We have used the 5-stage pipeline in most of the examples above. However, let’s talk about how many stages a pipeline should have. In the pipeline we have seen so far, the ideal CPI is 1. Actually, we are going to see that the ideal CPI should be smaller than 1 later in this series because they try to do more than 1 instruction per cycle.

What if we have more stages for our pipeline?

More hazards: more instructions to be flushing, more stalls should be added, so the CPI increases because of the increasing penalty
Less work per stage: if we have less work per cycle, then the cycle clock time (CCT) can be decreased. Thus, our clock can be speeded up.

Based on the Iron law, the have known that,

Let’s say that we have the same amount of instructions and our CPI goes up, but the cycle clock time drops. So the number of stages has to be chosen in a way that balances the CPI and the CCT.

For modern processors, the optimized number of stages would be like 30 to 40 and this number of stages provides the best performance (speed). However, there are other concerns about the power.
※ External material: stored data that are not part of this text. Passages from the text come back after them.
lemma mat_trace_square_strictly_upper_triangular:
  fixes N :: "'a::semiring_0 mat"
  assumes N: "N \<in> carrier_mat n n" and ut: "upper_triangular N"
    and diag: "\<And>i. i < n \<Longrightarrow> N $$ (i, i) = 0"
  shows "mat_trace (N * N) = 0"
proof -
  have "mat_trace (N * N) = (\<Sum>i<n. N $$ (i, i) * N $$ (i, i))"
    unfolding mat_trace_def using N upper_triangular_mult_diag[OF N N ut ut]
    by (simp del: index_mult_mat(1))
  also have "\<dots> = 0"
    using diag by simp
  finally show ?thesis .
qed

definition hermitian_mat :: "complex mat \<Rightarrow> bool" where
  "hermitian_mat A \<longleftrightarrow> (\<forall>i<dim_row A. \<forall>j<dim_row A. cnj (A $$ (i, j)) = A $$ (j, i))"

lemma hermitian_mat_mult_self:
  assumes A: "A \<in> carrier_mat n n" and herm: "hermitian_mat A"
  shows "hermitian_mat (A * A)"
  unfolding hermitian_mat_def
proof (intro allI impI)
  fix i j assume "i < dim_row (A * A)" "j < dim_row (A * A)"
  then have i: "i < n" and j: "j < n"
    using A by auto
  have "(A * A) $$ (i, j) = (\<Sum>k<n. A $$ (i, k) * A $$ (k, j))"
    using A i j by (simp add: scalar_prod_row_col)
  then have "cnj ((A * A) $$ (i, j)) = (\<Sum>k<n. cnj (A $$ (i, k)) * cnj (A $$ (k, j)))"
    by (simp only: cnj_sum complex_cnj_mult)
  also have "\<dots> = (\<Sum>k<n. A $$ (j, k) * A $$ (k, i))"
    using herm A i j by (auto simp: hermitian_mat_def mult.commute intro!: sum.cong)
  also have "\<dots> = (A * A) $$ (j, i)"
    using A i j by (simp add: scalar_prod_row_col)
  finally show "cnj ((A * A) $$ (i, j)) = (A * A) $$ (j, i)" .
qed

lemma hermitian_mat_char_matrix:
  "hermitian_mat A \<Longrightarrow> hermitian_mat (char_matrix A (of_real c))"
  by (simp add: hermitian_mat_def index_char_matrix)

lemma index_mult_self_hermitian_diag:
  assumes C: "C \<in> carrier_mat n n" and herm: "hermitian_mat C" and i: "i < n"
  shows "(C * C) $$ (i, i) = of_real (\<Sum>k<n. (cmod (C $$ (i, k)))\<^sup>2)"
proof -
  have "C $$ (i, k) * C $$ (k, i) = of_real ((cmod (C $$ (i, k)))\<^sup>2)" if "k < n" for k
  proof -
    have "C $$ (k, i) = cnj (C $$ (i, k))"
      using herm C i that by (simp add: hermitian_mat_def)
    then show ?thesis
      by (simp only: complex_norm_square)
  qed
  then show ?thesis
    using C i by (simp add: scalar_prod_row_col of_real_sum)
qed

lemma hermitian_mat_eq_0_if_trace_square_eq_0:
  assumes C: "C \<in> carrier_mat n n" and herm: "hermitian_mat C"
    and tr: "mat_trace (C * C) = 0"
  shows "C = 0\<^sub>m n n"
proof -
  have "mat_trace (C * C) = of_real (\<Sum>i<n. \<Sum>k<n. (cmod (C $$ (i, k)))\<^sup>2)"
    unfolding mat_trace_def using C index_mult_self_hermitian_diag[OF C herm]
    by (simp add: of_real_sum del: index_mult_mat(1))
  with tr have "complex_of_real (\<Sum>i<n. \<Sum>k<n. (cmod (C $$ (i, k)))\<^sup>2) = 0"
    by (simp only:)
  then have "(\<Sum>i<n. \<Sum>k<n. (cmod (C $$ (i, k)))\<^sup>2) = 0"
    by (simp only: of_real_eq_0_iff)
  then have "\<forall>i\<in>{..<n}. (\<Sum>k<n. (cmod (C $$ (i, k)))\<^sup>2) = 0"
    by (subst (asm) sum_nonneg_eq_0_iff) (auto intro: sum_nonneg)
  then have "C $$ (i, k) = 0" if "i < n" "k < n" for i k
    using that by (auto simp: sum_nonneg_eq_0_iff)
  then show ?thesis
    by (intro eq_matI) (use C in auto)
qed

lemma hermitian_square_eq_smult_one:
  assumes A: "A \<in> carrier_mat n n" and herm: "hermitian_mat A"
    and cp: "char_poly A = (\<Prod>e\<leftarrow>es. [:- e, 1:])"
    and roots: "\<And>e. e \<in> set es \<Longrightarrow> e * e = of_real c"
  shows "A * A = of_real c \<cdot>\<^sub>m 1\<^sub>m n"
proof -
  obtain B P Q where "schur_decomposition A es = (B, P, Q)"
    by (cases "schur_decomposition A es")
  with schur_decomposition[OF A cp] have sim: "similar_mat_wit A B P Q"
    and ut: "upper_triangular B" and diag: "diag_mat B = es"
    by auto
  have B: "B \<in> carrier_mat n n"
    using similar_mat_witD2[OF A sim] by auto
  define C where "C = char_matrix (A * A) (of_real c)"
  define N where "N = char_matrix (B * B) (of_real c)"
  have C: "C \<in> carrier_mat n n" and N: "N \<in> carrier_mat n n"
    using A B by (auto simp: C_def N_def)
  have "similar_mat_wit C N P Q"
    unfolding C_def N_def by (intro similar_mat_wit_char_matrix similar_mat_wit_square sim)
  then have "mat_trace (C * C) = mat_trace (N * N)"
    by (intro mat_trace_similar similar_mat_wit_square)
  also have "\<dots> = 0"
  proof (rule mat_trace_square_strictly_upper_triangular[OF N])
    show "upper_triangular N"
      unfolding N_def by (intro upper_triangular_char_matrix upper_triangular_mult[OF B B ut ut])
  next
    fix i assume i: "i < n"
    then have "B $$ (i, i) \<in> set es"
      using diag B by (auto simp: diag_mat_def)
    then show "N $$ (i, i) = 0"
      using B i roots upper_triangular_mult_diag[OF B B ut ut i]
      by (simp add: N_def index_char_matrix del: index_mult_mat(1))
  qed
  finally have "mat_trace (C * C) = 0" .
  moreover have "hermitian_mat C"
    unfolding C_def by (intro hermitian_mat_char_matrix hermitian_mat_mult_self[OF A herm])
  ultimately have "C = 0\<^sub>m n n"
    by (rule hermitian_mat_eq_0_if_trace_square_eq_0[OF C, rotated])
  then show ?thesis
    unfolding C_def by (rule smult_one_if_char_matrix_eq_0[OF mult_carrier_mat[OF A A]])
qed
lemma ex_code_min_dist:
  "\<exists>n (C :: 'a::zero_neq_one list set). C \<subseteq> {u. length u = n} \<and> card C = M \<and>
     (\<forall>x\<in>C. \<forall>y\<in>C. x \<noteq> y \<longrightarrow> d \<le> hamming_dist x y)"
proof -
  define n where "n = (d + 1) * M"
  define c where "c i = (staircase n ((d + 1) * i) :: 'a list)" for i
  have bound: "(d + 1) * i \<le> n" if "i < M" for i
    using that unfolding n_def by (intro mult_le_mono2) simp
  have dist: "hamming_dist (c i) (c j) = (d + 1) * (max i j - min i j)" if "i < M" "j < M" for i j
  proof -
    have "hamming_dist (c i) (c j) = max ((d + 1) * i) ((d + 1) * j) - min ((d + 1) * i) ((d + 1) * j)"
      using bound[OF that(1)] bound[OF that(2)] by (simp only: c_def hamming_dist_staircase)
    then show ?thesis
      by (simp only: nat_mult_max_right[symmetric] nat_mult_min_right[symmetric] diff_mult_distrib2)
  qed
  have separated: "d < hamming_dist (c i) (c j)" if "i < M" "j < M" "i \<noteq> j" for i j
  proof -
    have "1 \<le> max i j - min i j"
      using that(3) by (auto simp: max_def min_def)
    then have "(d + 1) * 1 \<le> (d + 1) * (max i j - min i j)"
      by (rule mult_le_mono2)
    then show ?thesis
      using dist[OF that(1,2)] by simp
  qed
  then have "inj_on c {..<M}"
    by (metis hamming_dist_self inj_onI lessThan_iff not_less0)
  then have "card (c ` {..<M}) = M"
    by (simp add: card_image)
  moreover have "d \<le> hamming_dist x y" if "x \<in> c ` {..<M}" "y \<in> c ` {..<M}" "x \<noteq> y" for x y
    using that separated by (auto intro: less_imp_le)
  ultimately show ?thesis
    by (intro exI[of _ n] exI[of _ "c ` {..<M}"]) (auto simp: c_def)
qed

lemma mod_eq_imp_le_diff:
  fixes a b M :: nat
  assumes "a mod M = b mod M" and "a < b"
  shows "M \<le> b - a"
proof -
  have "M dvd b - a"
    using assms mod_eq_dvd_iff_nat[of a b M] by simp
  then show ?thesis
    using assms(2) by (simp add: dvd_imp_le)
qed
lemma estimates_imp_bounded:
  fixes X Y Z W \<beta> \<epsilon> K1 K2 K3 :: real
  assumes "0 \<le> X" "0 \<le> Y" "0 < \<epsilon>" "0 \<le> \<beta>" "\<beta> + 4 * \<epsilon> \<le> 1"
    and "0 \<le> K1" "0 \<le> K2" "0 \<le> K3"
    and X: "X \<le> Z + sqrt W" and Z: "Z \<le> \<beta> * Y + K1" and W: "W \<le> \<epsilon>\<^sup>2 * Y\<^sup>2 + K2"
    and XY: "(1 - \<epsilon>) * Y\<^sup>2 \<le> X\<^sup>2 + K3"
  shows "Y \<le> max 1 ((2 * (K1 + sqrt K2) + (K1 + sqrt K2)\<^sup>2 + K3) / (2 * \<epsilon>))"
proof -
  define C where "C = K1 + sqrt K2"
  define t where "t = \<beta> + \<epsilon>"
  have t: "0 \<le> t" "t \<le> 1 - 3 * \<epsilon>"
    using assms unfolding t_def by linarith+
  have "sqrt W \<le> sqrt (\<epsilon>\<^sup>2 * Y\<^sup>2) + sqrt K2"
    using assms by (intro order_trans[OF real_sqrt_le_mono[OF W] sqrt_add_le_add_sqrt]) simp_all
  also have "sqrt (\<epsilon>\<^sup>2 * Y\<^sup>2) = \<epsilon> * Y"
    using assms by (simp add: real_sqrt_mult)
  finally have "X \<le> t * Y + C"
    using X Z unfolding t_def C_def by (simp add: algebra_simps)
  then have "X\<^sup>2 \<le> (t * Y + C)\<^sup>2"
    using \<open>0 \<le> X\<close> by (rule power_mono)
  also have "\<dots> = t * t * Y\<^sup>2 + 2 * t * C * Y + C\<^sup>2"
    by (simp add: power2_eq_square algebra_simps)
  also have "\<dots> \<le> (1 - 3 * \<epsilon>) * Y\<^sup>2 + 2 * C * Y + C\<^sup>2"
  proof -
    have "t * t \<le> 1 * (1 - 3 * \<epsilon>)"
      by (rule mult_mono) (use t assms in linarith)+
    then have t2: "t * t * Y\<^sup>2 \<le> (1 - 3 * \<epsilon>) * Y\<^sup>2"
      by (intro mult_right_mono) simp_all
    have "0 \<le> C * Y"
      using assms by (simp add: C_def)
    then have "t * (C * Y) \<le> 1 * (C * Y)"
      using t assms by (intro mult_right_mono) linarith+
    then have "2 * t * C * Y \<le> 2 * C * Y"
      by (simp add: mult.assoc)
    with t2 show ?thesis
      by linarith
  qed
  finally have quadratic: "2 * \<epsilon> * Y\<^sup>2 \<le> 2 * C * Y + C\<^sup>2 + K3"
    using XY by (simp add: algebra_simps)
  show ?thesis
  proof (cases "Y \<le> 1")
    case False
    have "(C\<^sup>2 + K3) * 1 \<le> (C\<^sup>2 + K3) * Y"
      using False assms by (intro mult_left_mono) simp_all
    then have "2 * C * Y + C\<^sup>2 + K3 \<le> (2 * C + C\<^sup>2 + K3) * Y"
      by (simp add: algebra_simps)
    with quadratic have "(2 * \<epsilon> * Y) * Y \<le> (2 * C + C\<^sup>2 + K3) * Y"
      by (simp add: power2_eq_square mult.assoc)
    then have "2 * \<epsilon> * Y \<le> 2 * C + C\<^sup>2 + K3"
      using False by simp
    then have "Y \<le> (2 * C + C\<^sup>2 + K3) / (2 * \<epsilon>)"
      using \<open>0 < \<epsilon>\<close> by (simp add: pos_le_divide_eq mult.commute)
    then show ?thesis
      unfolding C_def by simp
  qed simp
qed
When we increase the frequency of our clock when decreases the clock time, the power consumption increases rapidly. So take both the performance and the power consumption into consideration, we will finally end up with a result of 10 to 15 stages in modern processors.

Sometimes you may find someone that is overclocking the processor, which means this guy wants to ignore the power concerns to achieve better performance with more stages.